Boyle speaks of being struck by the image of 6 former enemies, cut off from their families, standing around in an apartment kitchen, staring at the oven, and then absolutely destroying the turkey when it came out.
With no sides.
Some of us are going to be traveling tomorrow to sit down to eat food with our families. Some of us, frankly, aren’t here because they have already left. Some of us will have people coming to us, and may already be here. Some of us will not be with anyone, because we have to work, or choices we’ve made, or circumstances.
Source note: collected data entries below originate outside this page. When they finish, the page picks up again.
(* Let $(H,R)$ be a finite-dimensional quasitriangular Hopf algebra and $\pi:H\to K$ a surjective Hopf algebra map. Let $L=\{((f\circ\pi)\otimes\mathrm{id})(R_{21}\cdot R)\mid f\in K^*\}\subseteq H$, let $L^+=L\cap\ker\epsilon$, let $K'=H/HL^+$ with quotient map $\pi':H\to K'$. Regard $\mathrm{Rep}_f(K)$ and $\mathrm{Rep}_f(K')$ as full braided tensor subcategories of $\mathrm{Rep}_f(H)$ via pullback along $\pi$ and $\pi'$. Then $\mathrm{Rep}_f(K')$ is the relative Müger centralizer of $\mathrm{Rep}_f(K)$ in $\mathrm{Rep}_f(H)$, i.e. a finite-dimensional $H$-module $Y$ lies in $\mathrm{Rep}_f(K')$ if and only if $c_{Y,X}c_{X,Y}=\mathrm{id}_{X\otimes Y}$ for all $X\in\mathrm{Rep}_f(K)$.
   Context: $(H,R)$ quasitriangular: $R=\sum_iR_i\otimes R^i$ invertible with $(\Delta\otimes\mathrm{id})(R)=R_{13}R_{23}$, $(\mathrm{id}\otimes\Delta)(R)=R_{13}R_{12}$, $\tau\Delta(h)=R\Delta(h)R^{-1}$. $R_{21}=\sum_iR^i\otimes R_i$ and $R_{21}\cdot R$ is the product in $H\otimes H$. $L$ is a normal left coideal subalgebra of $H$, so $HL^+$ is a Hopf ideal and $K'$ is a quotient Hopf algebra. $\mathrm{Rep}_f(H)$ is the braided tensor category of finite-dimensional left $H$-modules with braiding $c_{X,Y}(x\otimes y)=\sum_iR^iy\otimes R_ix$; $K$ and $K'$ carry the quasitriangular structures $(\pi\otimes\pi)(R)$ and $(\pi'\otimes\pi')(R)$. *)

theory Defs
  imports Main
begin

text \<open>Finite-dimensional Hopf algebras over a field 'k, given in coordinates with
respect to a basis indexed by a finite type 'a (so elements of H are 'a => 'k,
elements of H (x) H are 'a * 'a => 'k, etc.), via structure constants:
  e_a e_b = sum_c hm a b c e_c,  1 = sum_a hu a e_a,
  Delta e_a = sum_(b,c) hd a b c e_b (x) e_c,  eps e_a = he a,  S e_a = sum_b hS a b e_b.\<close>

record ('a, 'k) hopf_sc =
  hm :: "'a \<Rightarrow> 'a \<Rightarrow> 'a \<Rightarrow> 'k"
  hu :: "'a \<Rightarrow> 'k"
  hd :: "'a \<Rightarrow> 'a \<Rightarrow> 'a \<Rightarrow> 'k"
  he :: "'a \<Rightarrow> 'k"
  hS :: "'a \<Rightarrow> 'a \<Rightarrow> 'k"

definition kdelta :: "'a \<Rightarrow> 'a \<Rightarrow> 'k::field" where
  "kdelta a b = (if a = b then 1 else 0)"

definition is_hopf :: "('a::finite, 'k::field) hopf_sc \<Rightarrow> bool" where
  "is_hopf H \<longleftrightarrow>
     (\<forall>a b c z. (\<Sum>w\<in>UNIV. hm H a b w * hm H w c z) = (\<Sum>w\<in>UNIV. hm H b c w * hm H a w z)) \<and>
     (\<forall>a z. (\<Sum>w\<in>UNIV. hu H w * hm H w a z) = kdelta a z \<and> (\<Sum>w\<in>UNIV. hu H w * hm H a w z) = kdelta a z) \<and>
     (\<forall>a x y z. (\<Sum>w\<in>UNIV. hd H a w z * hd H w x y) = (\<Sum>w\<in>UNIV. hd H a x w * hd H w y z)) \<and>
     (\<forall>a x. (\<Sum>w\<in>UNIV. he H w * hd H a w x) = kdelta a x \<and> (\<Sum>w\<in>UNIV. he H w * hd H a x w) = kdelta a x) \<and>
     (\<forall>a b x y. (\<Sum>w\<in>UNIV. hm H a b w * hd H w x y) =
        (\<Sum>p\<in>UNIV. \<Sum>q\<in>UNIV. \<Sum>r\<in>UNIV. \<Sum>s\<in>UNIV. hd H a p q * hd H b r s * hm H p r x * hm H q s y)) \<and>
     (\<forall>x y. (\<Sum>w\<in>UNIV. hu H w * hd H w x y) = hu H x * hu H y) \<and>
     (\<forall>a b. (\<Sum>w\<in>UNIV. hm H a b w * he H w) = he H a * he H b) \<and>
     (\<Sum>w\<in>UNIV. hu H w * he H w) = 1 \<and>
     (\<forall>a z. (\<Sum>p\<in>UNIV. \<Sum>q\<in>UNIV. \<Sum>r\<in>UNIV. hd H a p q * hS H p r * hm H r q z) = he H a * hu H z) \<and>
     (\<forall>a z. (\<Sum>p\<in>UNIV. \<Sum>q\<in>UNIV. \<Sum>r\<in>UNIV. hd H a p q * hS H q r * hm H p r z) = he H a * hu H z)"

definition t2mul :: "('a::finite, 'k::field) hopf_sc \<Rightarrow> ('a \<times> 'a \<Rightarrow> 'k) \<Rightarrow> ('a \<times> 'a \<Rightarrow> 'k) \<Rightarrow> ('a \<times> 'a \<Rightarrow> 'k)" where
  "t2mul H t s = (\<lambda>(x, y). \<Sum>a1\<in>UNIV. \<Sum>a2\<in>UNIV. \<Sum>b1\<in>UNIV. \<Sum>b2\<in>UNIV.
      t (a1, a2) * s (b1, b2) * hm H a1 b1 x * hm H a2 b2 y)"

definition t3mul :: "('a::finite, 'k::field) hopf_sc \<Rightarrow> ('a \<times> 'a \<times> 'a \<Rightarrow> 'k) \<Rightarrow> ('a \<times> 'a \<times> 'a \<Rightarrow> 'k) \<Rightarrow> ('a \<times> 'a \<times> 'a \<Rightarrow> 'k)" where
  "t3mul H t s = (\<lambda>(x, y, z). \<Sum>a1\<in>UNIV. \<Sum>a2\<in>UNIV. \<Sum>a3\<in>UNIV. \<Sum>b1\<in>UNIV. \<Sum>b2\<in>UNIV. \<Sum>b3\<in>UNIV.
      t (a1, a2, a3) * s (b1, b2, b3) * hm H a1 b1 x * hm H a2 b2 y * hm H a3 b3 z)"

definition hcomult :: "('a::finite, 'k::field) hopf_sc \<Rightarrow> ('a \<Rightarrow> 'k) \<Rightarrow> ('a \<times> 'a \<Rightarrow> 'k)" where
  "hcomult H h = (\<lambda>(x, y). \<Sum>a\<in>UNIV. h a * hd H a x y)"

text \<open>Quasitriangular structure R = sum_(a,b) R a b e_a (x) e_b.\<close>

definition is_quasitriangular :: "('a::finite, 'k::field) hopf_sc \<Rightarrow> ('a \<Rightarrow> 'a \<Rightarrow> 'k) \<Rightarrow> bool" where
  "is_quasitriangular H R \<longleftrightarrow>
     (let R2 = (\<lambda>(x, y). R x y); one2 = (\<lambda>(x, y). hu H x * hu H y) in
      (\<exists>Rinv. t2mul H R2 Rinv = one2 \<and> t2mul H Rinv R2 = one2 \<and>
         (\<forall>h. (\<lambda>(x, y). hcomult H h (y, x)) = t2mul H (t2mul H R2 (hcomult H h)) Rinv)) \<and>
      (\<lambda>(x, y, z). \<Sum>a\<in>UNIV. R a z * hd H a x y) =
         t3mul H (\<lambda>(x, y, z). R x z * hu H y) (\<lambda>(x, y, z). hu H x * R y z) \<and>
      (\<lambda>(x, y, z). \<Sum>b\<in>UNIV. R x b * hd H b y z) =
         t3mul H (\<lambda>(x, y, z). R x z * hu H y) (\<lambda>(x, y, z). R x y * hu H z))"

text \<open>Hopf algebra map pi : H -> K, pi e_a = sum_b pi a b f_b.\<close>

definition is_hopf_map :: "('a::finite, 'k::field) hopf_sc \<Rightarrow> ('b::finite, 'k) hopf_sc \<Rightarrow> ('a \<Rightarrow> 'b \<Rightarrow> 'k) \<Rightarrow> bool" where
  "is_hopf_map H K p \<longleftrightarrow>
     (\<forall>a a' z. (\<Sum>c\<in>UNIV. hm H a a' c * p c z) = (\<Sum>b\<in>UNIV. \<Sum>b'\<in>UNIV. p a b * p a' b' * hm K b b' z)) \<and>
     (\<forall>z. (\<Sum>a\<in>UNIV. hu H a * p a z) = hu K z) \<and>
     (\<forall>a x y. (\<Sum>c\<in>UNIV. p a c * hd K c x y) = (\<Sum>q\<in>UNIV. \<Sum>r\<in>UNIV. hd H a q r * p q x * p r y)) \<and>
     (\<forall>a. (\<Sum>c\<in>UNIV. p a c * he K c) = he H a) \<and>
     (\<forall>a z. (\<Sum>c\<in>UNIV. hS H a c * p c z) = (\<Sum>b\<in>UNIV. p a b * hS K b z))"

definition lin_map :: "('a::finite \<Rightarrow> 'b \<Rightarrow> 'k::field) \<Rightarrow> ('a \<Rightarrow> 'k) \<Rightarrow> ('b \<Rightarrow> 'k)" where
  "lin_map p x = (\<lambda>b. \<Sum>a\<in>UNIV. x a * p a b)"

definition hmul :: "('a::finite, 'k::field) hopf_sc \<Rightarrow> ('a \<Rightarrow> 'k) \<Rightarrow> ('a \<Rightarrow> 'k) \<Rightarrow> ('a \<Rightarrow> 'k)" where
  "hmul H x y = (\<lambda>c. \<Sum>a\<in>UNIV. \<Sum>b\<in>UNIV. x a * y b * hm H a b c)"

text \<open>A finite-dimensional left module of dimension n: rho a is the n x n matrix
(entries rho a p q, p q < n) by which the basis vector e_a acts.\<close>

definition is_rep :: "('a::finite, 'k::field) hopf_sc \<Rightarrow> nat \<Rightarrow> ('a \<Rightarrow> nat \<Rightarrow> nat \<Rightarrow> 'k) \<Rightarrow> bool" where
  "is_rep H n rho \<longleftrightarrow>
     (\<forall>a b p q. p < n \<longrightarrow> q < n \<longrightarrow>
        (\<Sum>c\<in>UNIV. hm H a b c * rho c p q) = (\<Sum>r<n. rho a p r * rho b r q)) \<and>
     (\<forall>p q. p < n \<longrightarrow> q < n \<longrightarrow> (\<Sum>a\<in>UNIV. hu H a * rho a p q) = kdelta p q)"

definition act :: "('a::finite \<Rightarrow> nat \<Rightarrow> nat \<Rightarrow> 'k::field) \<Rightarrow> ('a \<Rightarrow> 'k) \<Rightarrow> nat \<Rightarrow> nat \<Rightarrow> 'k" where
  "act rho x p q = (\<Sum>a\<in>UNIV. x a * rho a p q)"

definition pullback_rep :: "('b::finite, 'k::field) hopf_sc \<Rightarrow> ('a::finite \<Rightarrow> 'b \<Rightarrow> 'k) \<Rightarrow> nat \<Rightarrow> ('a \<Rightarrow> nat \<Rightarrow> nat \<Rightarrow> 'k) \<Rightarrow> bool" where
  "pullback_rep K p n rho \<longleftrightarrow>
     (\<exists>sigma. is_rep K n sigma \<and>
        (\<forall>a q r. q < n \<longrightarrow> r < n \<longrightarrow> rho a q r = (\<Sum>b\<in>UNIV. p a b * sigma b q r)))"

text \<open>L = { ((f o pi) (x) id)(R_21 R) | f in K^* }, L^+ = L \<inter> ker eps, and H L^+.\<close>

definition Lset :: "('a::finite, 'k::field) hopf_sc \<Rightarrow> ('a \<Rightarrow> 'a \<Rightarrow> 'k) \<Rightarrow> ('a \<Rightarrow> 'b::finite \<Rightarrow> 'k) \<Rightarrow> ('a \<Rightarrow> 'k) set" where
  "Lset H R p = {x. \<exists>f :: 'b \<Rightarrow> 'k.
      x = (\<lambda>v. \<Sum>u\<in>UNIV. (\<Sum>b\<in>UNIV. p u b * f b) * t2mul H (\<lambda>(x, y). R y x) (\<lambda>(x, y). R x y) (u, v))}"

definition Lplus :: "('a::finite, 'k::field) hopf_sc \<Rightarrow> ('a \<Rightarrow> 'a \<Rightarrow> 'k) \<Rightarrow> ('a \<Rightarrow> 'b::finite \<Rightarrow> 'k) \<Rightarrow> ('a \<Rightarrow> 'k) set" where
  "Lplus H R p = {x \<in> Lset H R p. (\<Sum>a\<in>UNIV. x a * he H a) = 0}"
But nevertheless, we remember on this day the hardships that we have come through to get to where we are.
Those six “vatos” remembered where they had come from. That silence around the stove was probably filed with memories.
The Pilgrims sat down with food provided by the Wampanoags to give thanks for what they had come through.
Thanksgiving as an observance originated with Abraham Lincoln at the end of the Civil War to ask remembrance for what the country had just gone through.
And our Deuteronomy text also gives the sense that when the harvest has come n, the Israelites are to give a portion to God not to reseed the fields, but to remember that the land they are feeding from is not theirs, but was given to them by God.
We have many things to be thankful for. This little spot between the Susquehanna, Bowman’s Creek, along 292 is a gorgeous spot in the world. We live in a country that many other people want to live in. When we feel that the country has lost its way, we can still voice our dissent, though sometimes with difficulty.
Thanksgiving is that day where we can give thanks to God, or Allah, or Jehovah, or Vishnu, if we are religious, give thanks to the country, if patriotism is our religion, and give thanks to our friends and family for their presence in our lives. It is not a Christian holiday, but we, as Christians, gather tonight to give thanks in the way we know—praise in song, thanksgiving in communion. We give thanks for all that we have in our lives. Our faith, our lives, our loves. And perhaps we rededicate ourselves to acting out of that thanks, that love, to make the world better. We have known good, we have it within our power to help others to know good. Thanksgiving is that day when we all stand around the oven, like those “vatos”, those former enemies who are now compadres, and remember what is good. And be thankful for it.